Where O Where Do I Open a New Consignment Store in Vancouver?

Data Acquisition and Manipulation


Store Locations:
  I got the location of existing stores from the Yellowpages and the mytelus.com webpage.  I created an Excel sheet with the names and addresses and imported this into ArcMap. Once in ArcMap I created an Address Locator and geocoded the stores to the Vancouver shapefile off the SIS drive.  This took many tries to get above a 30% success rate.  By the end I only had to manually match 7 out of 48 locations.  See Existing Stores
I then had to group the stores together somehow to make their locations meaningful.  So I imported both the DotAreas shapefile (of Vancouver neighbourhoods) and the geocoded addresses to IDRISI.  I then simply opened one map on top of the other and visually counted how many stores were within each neighbourhood.  For this part I counted all stores for each neighbourhood, so if there were stores on the edges these were counted.  Proximity to people within the neighbourhood was more important than assigning only one neighbourhood to each store. See the map I used here.  I then used Edit/Assign to assign the # of stores to be the value of each neighbourhood.  This layer was then used in the final multiple criteria evaluation.


Lease Cost:  I looked at the Royal LePage website at http://matrix.royallepage.com/ to find current listings for commercial space for lease in Vancouver.  I then created an Excel sheet with the address and price per square foot for all the listings.  I then imported this into ArcMap and geocoded it to the Vancouver shapefile with the same Address Locator I created for the store locations.  After this I imported the file to IDRISI and used INTERPOL to create an interpolated image using Inverse Distance Weighting.  See the Cartographic Model  and the Interpolated Coverage.  I then wanted to mask out all areas that were not for commecial use.  So I used the Vancouver landuse file from the SIS drive and selected for the Commercial and Commercial/Mixed Residential areas in ArcMap.  I then imported this file to IDRISI where I created a Boolean image of Commercial and Other areas.  See the Boolean Map (with a vector layer for Vancouver).  I then overlayed the interpolated image with the Boolean image to get a cost surface for the commercial areas only. See the cartographic model (here) and the resultant image (here).
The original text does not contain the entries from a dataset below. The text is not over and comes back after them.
(* Let $G=(V,E)$ be a finite, simple, undirected, loopless graph with at least one wedge. For each vertex $v$ let $N_1(v)$ be the closed neighborhood of $v$ (the set consisting of $v$ and all vertices adjacent to $v$), let $W_v$ be the set of wedges centered at $v$ (so $|W_v|=\binom{d_v}{2}$, where $d_v$ is the degree of $v$), let $W$ be the set of all wedges, and let $p_v=|W_v|/|W|$. Let $\mathrm{cut}(S)$ denote the number of edges with exactly one endpoint in $S\subseteq V$, and let $\kappa$ be the global clustering coefficient of $G$. Then $$\sum_{v\in V} p_v\,\frac{\mathrm{cut}(N_1(v))}{|W_v|} = 2(1-\kappa),$$ where each summand $p_v\,\mathrm{cut}(N_1(v))/|W_v|$ is interpreted as $\mathrm{cut}(N_1(v))/|W|$ (which coincides with the literal expression whenever $|W_v|>0$). Equivalently, $\sum_{v\in V}\mathrm{cut}(N_1(v)) = 2(1-\kappa)|W|$.
   Context: A wedge is an unordered pair of distinct edges sharing an endpoint, $\{(s,t),(s,u)\}$; its center is $s$. The wedge is closed if the edge $(t,u)$ is in $E$, and open otherwise. The global clustering coefficient is $\kappa = (\text{number of closed wedges})/|W|$. *)

theory Defs
  imports Complex_Main
begin

definition simple_graph :: "'a set \<Rightarrow> 'a set set \<Rightarrow> bool" where
  "simple_graph V E \<longleftrightarrow> finite V \<and> (\<forall>e\<in>E. e \<subseteq> V \<and> card e = 2)"

definition adj :: "'a set set \<Rightarrow> 'a \<Rightarrow> 'a \<Rightarrow> bool" where
  "adj E u v \<longleftrightarrow> {u, v} \<in> E"

definition degree :: "'a set set \<Rightarrow> 'a \<Rightarrow> nat" where
  "degree E v = card {e\<in>E. v \<in> e}"

definition closed_nbhd :: "'a set \<Rightarrow> 'a set set \<Rightarrow> 'a \<Rightarrow> 'a set" where
  "closed_nbhd V E v = insert v {u\<in>V. adj E v u}"

definition wedges_at :: "'a set set \<Rightarrow> 'a \<Rightarrow> 'a set set set" where
  "wedges_at E v = {{e1, e2} | e1 e2. e1 \<in> E \<and> e2 \<in> E \<and> e1 \<noteq> e2 \<and> v \<in> e1 \<and> v \<in> e2}"

(* all wedges (as pairs (centre, wedge)), so that |W| = sum over v of |W_v| *)
definition wedges :: "'a set \<Rightarrow> 'a set set \<Rightarrow> ('a \<times> 'a set set) set" where
  "wedges V E = {(v, w). v \<in> V \<and> w \<in> wedges_at E v}"

definition closed_wedge :: "'a set set \<Rightarrow> ('a \<times> 'a set set) \<Rightarrow> bool" where
  "closed_wedge E vw = (\<exists>t u. snd vw = {{fst vw, t}, {fst vw, u}} \<and> {t, u} \<in> E)"

definition clustering_coeff :: "'a set \<Rightarrow> 'a set set \<Rightarrow> real" where
  "clustering_coeff V E =
     real (card {w \<in> wedges V E. closed_wedge E w}) / real (card (wedges V E))"

definition cut :: "'a set set \<Rightarrow> 'a set \<Rightarrow> nat" where
  "cut E S = card {e\<in>E. card (e \<inter> S) = 1}"

end

theory Submission
  imports Defs
begin

text \<open>
  Count the ordered triples \<open>(x, v, y)\<close> in which \<open>v\<close> and \<open>y\<close> are distinct, non-adjacent
  neighbours of \<open>x\<close>. Each open wedge arises from exactly two of them (swap \<open>v\<close> and \<open>y\<close>), so there
  are \<open>2 (1 - \<kappa>) |W|\<close> of them. On the other hand \<open>(x, v, y) \<mapsto> (v, {x, y})\<close> is a bijection
  onto the pairs of a vertex \<open>v\<close> and an edge leaving \<open>N\<^sub>1(v)\<close>: the endpoint inside is the
  neighbour \<open>x\<close> (it cannot be \<open>v\<close> itself, since the outside endpoint is not adjacent to \<open>v\<close>).
  Hence the same number is \<open>\<Sum>\<^sub>v cut(N\<^sub>1(v))\<close>.
\<close>

lemma simple_graph_edge_obtain:
  assumes "simple_graph V E" "e \<in> E" "x \<in> e"
  obtains t where "e = {x, t}" "t \<noteq> x" "t \<in> V" "x \<in> V"
proof -
  have "card e = 2" "e \<subseteq> V" using assms unfolding simple_graph_def by auto
  then obtain a b where "e = {a, b}" "a \<noteq> b" by (meson card_2_iff)
  then show ?thesis using assms(3) \<open>e \<subseteq> V\<close> that by auto
qed

lemma simple_graph_finite_vertices: "simple_graph V E \<Longrightarrow> finite V"
  unfolding simple_graph_def by simp

lemma simple_graph_finite_edges:
  assumes "simple_graph V E"
  shows "finite E"
proof -
  have "E \<subseteq> Pow V" using assms unfolding simple_graph_def by auto
  then show ?thesis using simple_graph_finite_vertices[OF assms] by (meson finite_Pow_iff finite_subset)
qed

lemma finite_wedges:
  assumes "simple_graph V E"
  shows "finite (wedges V E)"
proof -
  have "wedges V E \<subseteq> V \<times> Pow E" unfolding wedges_def wedges_at_def by auto
  then show ?thesis using simple_graph_finite_vertices[OF assms] simple_graph_finite_edges[OF assms]
    by (meson finite_Pow_iff finite_SigmaI finite_subset)
qed

lemma adj_irrefl: "simple_graph V E \<Longrightarrow> \<not> adj E x x"
  unfolding simple_graph_def adj_def by fastforce

lemma adj_sym: "adj E x y \<longleftrightarrow> adj E y x"
  unfolding adj_def by (simp add: insert_commute)

lemma adj_in_vertices: "simple_graph V E \<Longrightarrow> adj E x y \<Longrightarrow> x \<in> V \<and> y \<in> V"
  unfolding simple_graph_def adj_def by auto

lemma mem_closed_nbhd_iff:
  assumes "simple_graph V E"
  shows "z \<in> closed_nbhd V E v \<longleftrightarrow> z = v \<or> adj E v z"
  using adj_in_vertices[OF assms] unfolding closed_nbhd_def by auto

lemma closed_wedge_iff_adj:
  assumes G: "simple_graph V E" and xv: "adj E x v" and xy: "adj E x y" and "v \<noteq> y"
  shows "closed_wedge E (x, {{x, v}, {x, y}}) \<longleftrightarrow> adj E v y"
proof
  assume "closed_wedge E (x, {{x, v}, {x, y}})"
  then obtain t u where tu: "{{x, v}, {x, y}} = {{x, t}, {x, u}}" "{t, u} \<in> E"
    unfolding closed_wedge_def by auto
  have "x \<noteq> v" "x \<noteq> y" using xv xy adj_irrefl[OF G] by metis+
  with tu(1) \<open>v \<noteq> y\<close> have "{t, u} = {v, y}" by (auto simp: doubleton_eq_iff)
  with tu(2) show "adj E v y" unfolding adj_def by simp
qed (auto simp: closed_wedge_def adj_def)

definition open_wedges :: "'a set \<Rightarrow> 'a set set \<Rightarrow> ('a \<times> 'a set set) set" where
  "open_wedges V E = {w \<in> wedges V E. \<not> closed_wedge E w}"

definition open_paths :: "'a set \<Rightarrow> 'a set set \<Rightarrow> ('a \<times> 'a \<times> 'a) set" where
  "open_paths V E = {(x, v, y). x \<in> V \<and> v \<in> V \<and> y \<in> V \<and>
     adj E x v \<and> adj E x y \<and> v \<noteq> y \<and> \<not> adj E v y}"

definition wedge_of_path :: "'a \<times> 'a \<times> 'a \<Rightarrow> 'a \<times> 'a set set" where
  "wedge_of_path = (\<lambda>(x, v, y). (x, {{x, v}, {x, y}}))"

definition cut_pair_of_path :: "'a \<times> 'a \<times> 'a \<Rightarrow> 'a \<times> 'a set" where
  "cut_pair_of_path = (\<lambda>(x, v, y). (v, {x, y}))"

lemma finite_open_paths:
  assumes "simple_graph V E"
  shows "finite (open_paths V E)"
proof -
  have "open_paths V E \<subseteq> V \<times> V \<times> V" unfolding open_paths_def by auto
  then show ?thesis using simple_graph_finite_vertices[OF assms] by (meson finite_SigmaI finite_subset)
qed

lemma wedge_of_path_in_open_wedges:
  assumes G: "simple_graph V E" and "q \<in> open_paths V E"
  shows "wedge_of_path q \<in> open_wedges V E"
proof -
  obtain x v y where q: "q = (x, v, y)" and a: "x \<in> V" "adj E x v" "adj E x y" "v \<noteq> y" "\<not> adj E v y"
    using assms(2) unfolding open_paths_def by auto
  have "x \<noteq> v" using a(2) adj_irrefl[OF G] by metis
  then have "{x, v} \<noteq> {x, y}" using a(4) by (auto simp: doubleton_eq_iff)
  moreover have "{x, v} \<in> E" "{x, y} \<in> E" using a(2,3) unfolding adj_def by auto
  ultimately have "{{x, v}, {x, y}} \<in> wedges_at E x" unfolding wedges_at_def by blast
  then show ?thesis
    using q a closed_wedge_iff_adj[OF G a(2-4)]
    unfolding open_wedges_def wedges_def wedge_of_path_def by auto
qed

lemma open_paths_fibre:
  assumes G: "simple_graph V E" and "w \<in> open_wedges V E"
  obtains x t u where "t \<noteq> u"
    "{q \<in> open_paths V E. wedge_of_path q = w} = {(x, t, u), (x, u, t)}"
proof -
  obtain x e1 e2 where w: "w = (x, {e1, e2})" "x \<in> V" "\<not> closed_wedge E w"
    and e: "e1 \<in> E" "e2 \<in> E" "e1 \<noteq> e2" "x \<in> e1" "x \<in> e2"
    using assms(2) unfolding open_wedges_def wedges_def wedges_at_def by auto
  obtain t where t: "e1 = {x, t}" "t \<noteq> x" "t \<in> V"
    using simple_graph_edge_obtain[OF G e(1,4)] by metis
  obtain u where u: "e2 = {x, u}" "u \<noteq> x" "u \<in> V"
    using simple_graph_edge_obtain[OF G e(2,5)] by metis
  have "t \<noteq> u" using e(3) t u by auto
  have adj: "adj E x t" "adj E x u" using e t u unfolding adj_def by auto
  have "\<not> adj E t u"
    using w closed_wedge_iff_adj[OF G adj \<open>t \<noteq> u\<close>] t(1) u(1) by simp
  have "{q \<in> open_paths V E. wedge_of_path q = w} = {(x, t, u), (x, u, t)}"
  proof (intro set_eqI iffI)
    fix q assume q: "q \<in> {q \<in> open_paths V E. wedge_of_path q = w}"
    then obtain v y where qv: "q = (x, v, y)" "adj E x v" "adj E x y" "v \<noteq> y"
      and ww: "{{x, v}, {x, y}} = {{x, t}, {x, u}}"
      using w t u unfolding open_paths_def wedge_of_path_def by auto
    have "v \<noteq> x" "y \<noteq> x" using qv(2,3) adj_irrefl[OF G] by metis+
    with ww have "v \<in> {t, u}" "y \<in> {t, u}" by (auto simp: doubleton_eq_iff)
    then show "q \<in> {(x, t, u), (x, u, t)}" using qv by auto
  next
    fix q assume "q \<in> {(x, t, u), (x, u, t)}"
    then show "q \<in> {q \<in> open_paths V E. wedge_of_path q = w}"
      using w t u adj \<open>\<not> adj E t u\<close> \<open>t \<noteq> u\<close> adj_sym[of E t u]
      unfolding open_paths_def wedge_of_path_def by (auto simp: insert_commute)
  qed
  then show ?thesis using \<open>t \<noteq> u\<close> that by blast
qed

lemma card_open_paths:
  assumes G: "simple_graph V E"
  shows "card (open_paths V E) = 2 * card (open_wedges V E)"
proof -
  let ?fibre = "\<lambda>w. {q \<in> open_paths V E. wedge_of_path q = w}"
  have "open_paths V E = (\<Union>w \<in> open_wedges V E. ?fibre w)"
    using wedge_of_path_in_open_wedges[OF G] by auto
  also have "card \<dots> = (\<Sum>w \<in> open_wedges V E. card (?fibre w))"
  proof (rule card_UN_disjoint)
    show "finite (open_wedges V E)"
      using finite_wedges[OF G] unfolding open_wedges_def by auto
  qed (use finite_open_paths[OF G] in auto)
  also have "\<dots> = (\<Sum>w \<in> open_wedges V E. 2)"
    by (rule sum.cong) (auto elim: open_paths_fibre[OF G])
  finally show ?thesis by simp
qed

lemma bij_betw_open_paths_cut_pairs:
  assumes G: "simple_graph V E"
  shows "bij_betw cut_pair_of_path (open_paths V E)
           (SIGMA v:V. {e \<in> E. card (e \<inter> closed_nbhd V E v) = 1})"
proof (rule bij_betw_imageI)
  show "inj_on cut_pair_of_path (open_paths V E)"
  proof (rule inj_onI)
    fix p q
    assume "p \<in> open_paths V E" "q \<in> open_paths V E" "cut_pair_of_path p = cut_pair_of_path q"
    then obtain x v y x' y' where pq: "p = (x, v, y)" "q = (x', v, y')" "{x, y} = {x', y'}"
      and "adj E x v" "\<not> adj E v y" "adj E x' v" "\<not> adj E v y'"
      unfolding open_paths_def cut_pair_of_path_def by auto
    then show "p = q" by (metis adj_sym doubleton_eq_iff)
  qed
  show "cut_pair_of_path ` open_paths V E = (SIGMA v:V. {e \<in> E. card (e \<inter> closed_nbhd V E v) = 1})"
  proof (intro set_eqI iffI)
    fix q assume "q \<in> cut_pair_of_path ` open_paths V E"
    then obtain x v y where q: "q = (v, {x, y})"
      and a: "adj E x v" "adj E x y" "v \<noteq> y" "\<not> adj E v y" "v \<in> V"
      unfolding open_paths_def cut_pair_of_path_def by auto
    have "x \<noteq> y" using a(1,4) adj_sym by metis
    with a have "{x, y} \<inter> closed_nbhd V E v = {x}"
      using mem_closed_nbhd_iff[OF G] adj_sym[of E x v] by auto
    then show "q \<in> (SIGMA v:V. {e \<in> E. card (e \<inter> closed_nbhd V E v) = 1})"
      using q a(2,5) unfolding adj_def by auto
  next
    fix q assume "q \<in> (SIGMA v:V. {e \<in> E. card (e \<inter> closed_nbhd V E v) = 1})"
    then obtain v e where q: "q = (v, e)" "v \<in> V" "e \<in> E" "card (e \<inter> closed_nbhd V E v) = 1"
      by auto
    then obtain a where inside: "e \<inter> closed_nbhd V E v = {a}" by (meson card_1_singletonE)
    then obtain b where b: "e = {a, b}" "b \<noteq> a" "b \<in> V" "a \<in> V"
      using simple_graph_edge_obtain[OF G q(3)] by blast
    have "a = v \<or> adj E v a" "b \<noteq> v" "\<not> adj E v b"
      using inside b mem_closed_nbhd_iff[OF G] by auto
    moreover have "adj E a b" using q(3) b unfolding adj_def by simp
    ultimately have "adj E a v" using adj_sym by metis
    with b q \<open>adj E a b\<close> \<open>b \<noteq> v\<close> \<open>\<not> adj E v b\<close> have "(a, v, b) \<in> open_paths V E"
      unfolding open_paths_def by auto
    moreover have "cut_pair_of_path (a, v, b) = q" unfolding cut_pair_of_path_def using q b by simp
    ultimately show "q \<in> cut_pair_of_path ` open_paths V E" by force
  qed
qed

lemma sum_cut_closed_nbhd:
  assumes G: "simple_graph V E"
  shows "(\<Sum>v\<in>V. cut E (closed_nbhd V E v)) = 2 * card (open_wedges V E)"
proof -
  have "(\<Sum>v\<in>V. cut E (closed_nbhd V E v))
      = card (SIGMA v:V. {e \<in> E. card (e \<inter> closed_nbhd V E v) = 1})"
    using simple_graph_finite_vertices[OF G] simple_graph_finite_edges[OF G]
    unfolding cut_def by (simp add: card_SigmaI)
  also have "\<dots> = card (open_paths V E)"
    using bij_betw_same_card[OF bij_betw_open_paths_cut_pairs[OF G]] by simp
  finally show ?thesis using card_open_paths[OF G] by simp
qed

lemma card_wedges_eq_closed_plus_open:
  assumes "simple_graph V E"
  shows "card (wedges V E) = card {w \<in> wedges V E. closed_wedge E w} + card (open_wedges V E)"
proof -
  have "wedges V E = {w \<in> wedges V E. closed_wedge E w} \<union> open_wedges V E"
    unfolding open_wedges_def by auto
  also have "card \<dots> = card {w \<in> wedges V E. closed_wedge E w} + card (open_wedges V E)"
    using finite_wedges[OF assms] unfolding open_wedges_def by (intro card_Un_disjoint) auto
  finally show ?thesis .
qed

theorem lemma1:
  fixes V :: "'a set" and E :: "'a set set"
  assumes "simple_graph V E"
    and "wedges V E \<noteq> {}"
  defines "p \<equiv> \<lambda>v. real (card (wedges_at E v)) / real (card (wedges V E))"
  shows "((\<Sum>v\<in>V. if card (wedges_at E v) = 0
              then real (cut E (closed_nbhd V E v)) / real (card (wedges V E))
              else p v * real (cut E (closed_nbhd V E v)) / real (card (wedges_at E v)))
           = 2 * (1 - clustering_coeff V E))
         \<and> (real (\<Sum>v\<in>V. cut E (closed_nbhd V E v))
           = 2 * (1 - clustering_coeff V E) * real (card (wedges V E)))"
proof -
  define W where "W = real (card (wedges V E))"
  have "W > 0" using assms(2) finite_wedges[OF assms(1)] unfolding W_def by (simp add: card_gt_0_iff)
  have sum_cut: "real (\<Sum>v\<in>V. cut E (closed_nbhd V E v)) = 2 * (1 - clustering_coeff V E) * W"
    using sum_cut_closed_nbhd[OF assms(1)] card_wedges_eq_closed_plus_open[OF assms(1)] \<open>W > 0\<close>
    unfolding clustering_coeff_def W_def by (simp add: field_simps)
  have "(\<Sum>v\<in>V. if card (wedges_at E v) = 0
              then real (cut E (closed_nbhd V E v)) / real (card (wedges V E))
              else p v * real (cut E (closed_nbhd V E v)) / real (card (wedges_at E v)))
        = (\<Sum>v\<in>V. real (cut E (closed_nbhd V E v)) / W)"
    by (rule sum.cong) (auto simp: p_def W_def)
  also have "\<dots> = 2 * (1 - clustering_coeff V E)"
    using sum_cut \<open>W > 0\<close> by (simp flip: sum_divide_distrib)
  finally show ?thesis using sum_cut unfolding W_def by simp
qed

end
Demographic:  I acquired demographic data from the Census folder on the SIS drive. I used the census extractor and extracted the age and sex data for 2001 into Excel. Once I imported this into ArcMap I created fields to calculate the total male population between the ages of 15 and 34 and the same for females for each DA.  I then created a field to calculate the ratio of women to men and joined this table to the census shapefile on the SIS drive.  Once I had done this I imported the shapefile to IDRISI and converted it to a raster image. From this I created two Boolean images, one of DAs with a greater proportion of females and one of DAs with a greater proportion of males.  To make this data make sense for my question I opened each layer with the neighbourhood layer and visually decided which neighbourhoods had a greater proportion of women between 15 and 34.  The DA's were too small on their own, and I could not find a way to aggregate them into the neighbourhoods utilizing the databases. See all three maps  here , both Boolean images and the female image on top of the neighbourhood image.  I then used Edit/Assign and created a layer of only those neighbourhoods that had a greater proportion of women.

NOTEFor all of the above manipulations I first had to crop the images and databases so that I only used information for Vancouver.  This was done in ArcMap using the 'Select by Location' feature in conjunction with the DotAreas shapefile on the SIS drive.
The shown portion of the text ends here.